The Mudcat Café TM
Thread #40478   Message #579469
Posted By: Amos
25-Oct-01 - 11:20 AM
Thread Name: BS: Kiss Your Civil Liberties Goodbye
Subject: RE: BS: Kiss Your Civil Liberties Goodbye
The anti-terrorism bill is a bipartisan compromise from similar measures approved earlier by the House and Senate. A chief difference is that the final legislation would have many of its provisions expire, or "sunset," in four years.

The White House had opposed any such limits, but was forced to accept them as part of the price of getting a measure that both the House and Senate could pass.

Many lawmakers said "sunsets" were a needed safeguard to help protect against future abuses of the war-time legislation.

Senate Judiciary Committee Chairman Patrick Leahy, a Vermont Democrat, said, "We did the White House a favor" by eliminating provisions that he called unconstitutional and said would have trampled civil liberties.

Changes made in the legislation included eliminating or revising provisions that would have allowed for the indefinite detention without charges of foreigners deemed security risks and the execution of search warrants without any notification.

ACLU DISSATISFIED

Regardless of the changes, the American Civil Liberties Union remained dissatisfied with the legislation, warning it still contained many provisions that could be used to violate the rights of law-abiding people.

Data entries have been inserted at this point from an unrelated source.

(* Let $G$ be a regular graph whose line graph $L(G)$ has at least $3$ vertices. Then $\lambda_3(L(G)) < \frac{|V(L(G))|}{3}$.
   Context: The line graph $L(G)$ has the edges of $G$ as vertices, two being adjacent when they share an endpoint. $\lambda_3$ denotes the third largest eigenvalue (with multiplicity) of the adjacency matrix. *)

theory Defs
  imports "Jordan_Normal_Form.Char_Poly"
begin

definition simple_graph :: "'a set \<Rightarrow> 'a set set \<Rightarrow> bool" where
  "simple_graph V E \<longleftrightarrow> finite V \<and> (\<forall>e\<in>E. e \<subseteq> V \<and> card e = 2)"

definition degree :: "'a set set \<Rightarrow> 'a \<Rightarrow> nat" where
  "degree E v = card {e\<in>E. v \<in> e}"

definition regular_graph :: "'a set \<Rightarrow> 'a set set \<Rightarrow> bool" where
  "regular_graph V E \<longleftrightarrow> simple_graph V E \<and> (\<exists>k. \<forall>v\<in>V. degree E v = k)"

definition line_adj :: "'a set \<Rightarrow> 'a set \<Rightarrow> bool" where
  "line_adj e f \<longleftrightarrow> e \<noteq> f \<and> e \<inter> f \<noteq> {}"

text \<open>Adjacency matrix of a graph (vertex set W, adjacency relation R), with respect to
some enumeration of W (the spectrum does not depend on the choice).\<close>
definition vertex_list :: "'b set \<Rightarrow> 'b list" where
  "vertex_list W = (SOME vs. distinct vs \<and> set vs = W)"

definition adj_matrix :: "'b set \<Rightarrow> ('b \<Rightarrow> 'b \<Rightarrow> bool) \<Rightarrow> real mat" where
  "adj_matrix W R = (let vs = vertex_list W in
     mat (length vs) (length vs) (\<lambda>(i,j). if R (vs ! i) (vs ! j) then 1 else 0))"
(* Let $(b_k)_{k\ge 1}$ and $(d_k)_{k\ge 1}$ be the real coefficients for which $$\left(1+\frac{1}{x}\right)^x = e\left(1-\sum_{k=1}^{\infty}\frac{b_k}{(1+x)^k}\right) = e\left(1-\sum_{k=1}^{\infty}\frac{d_k}{\left(x+\tfrac{11}{12}\right)^k}\right),\qquad x>0,$$ and for each integer $m\ge 1$ and real $x>0$ define the partial sums $$\sigma_m(x):=\sum_{k=1}^{m}\frac{b_k}{(1+x)^k},\qquad S_m(x):=\sum_{k=1}^{m}\frac{d_k}{\left(x+\tfrac{11}{12}\right)^k}.$$ Then $S_m(x)>\sigma_m(x)$ for all real $x>0$ and all integers $m\ge 1$.
   Context: Explicitly, the coefficients are given as follows. Let $g:[0,1]\to\mathbb{R}$ be $g(s)=\frac{1}{\pi}s^s(1-s)^{1-s}\sin(\pi s)$ for $0<s<1$ and $g(0)=g(1)=0$. Then $b_1=\tfrac12$ and $b_{n+1}=\frac{1}{n+1}\left(\frac{1}{n+2}-\sum_{j=1}^{n}\frac{b_j}{n+2-j}\right)$ for $n\ge1$; equivalently $e\,b_k=\int_0^1 g(s)s^{k-2}\,ds$ for $k\ge 2$ (so $b_2=\tfrac1{24}$, $b_3=\tfrac1{48}$, $b_4=\tfrac{73}{5670}$). Also $d_1=\tfrac12$ and $d_n=\frac{1}{12^{n-1}e}\left((-1)^{n-1}+\int_0^1\frac{(12t-1)^{n-1}}{t}g(t)\,dt\right)$ for $n\ge 2$ (so $d_2=0$, $d_3=\tfrac{5}{288}$, $d_4=\tfrac{139}{17280}$). Here $e$ is Euler's number. *)

theory Defs
  imports "HOL-Analysis.Analysis"
begin

definition gfun :: "real \<Rightarrow> real" where
  "gfun s = (if 0 < s \<and> s < 1
     then (1/pi) * s powr s * (1 - s) powr (1 - s) * sin (pi * s) else 0)"

fun bcoef :: "nat \<Rightarrow> real" where
  "bcoef 0 = 0"
| "bcoef (Suc 0) = 1/2"
| "bcoef (Suc (Suc n)) =
     (1 / real (n + 2)) * (1 / real (n + 3)
       - (\<Sum>j\<in>{1..n+1}. bcoef j / (real (n + 3) - real j)))"

definition dcoef :: "nat \<Rightarrow> real" where
  "dcoef n = (if n = 0 then 0 else if n = 1 then 1/2 else
     (1 / (12 ^ (n - 1) * exp 1)) *
       ((-1) ^ (n - 1) + integral {0..1} (\<lambda>t. (12 * t - 1) ^ (n - 1) / t * gfun t)))"

end

theory Submission
  imports Defs "HOL-Complex_Analysis.Complex_Analysis" "HOL-Real_Asymp.Real_Asymp"
begin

Highlights of the legislation include provisions that:

--Make it a crime to knowingly harbor a terrorist.

--Authorize "roving wiretaps." This would grant court orders to wiretap any phone a suspected foreign terrorist might use rather than a specific phone. Many suspects now frustrate law enforcement by constantly switching phones.

--Make it easier for U.S. criminal investigators and intelligence officers to share intelligence information.

--Give the U.S. Treasury Department new powers to target foreign countries and banks deemed to be money-laundering threats.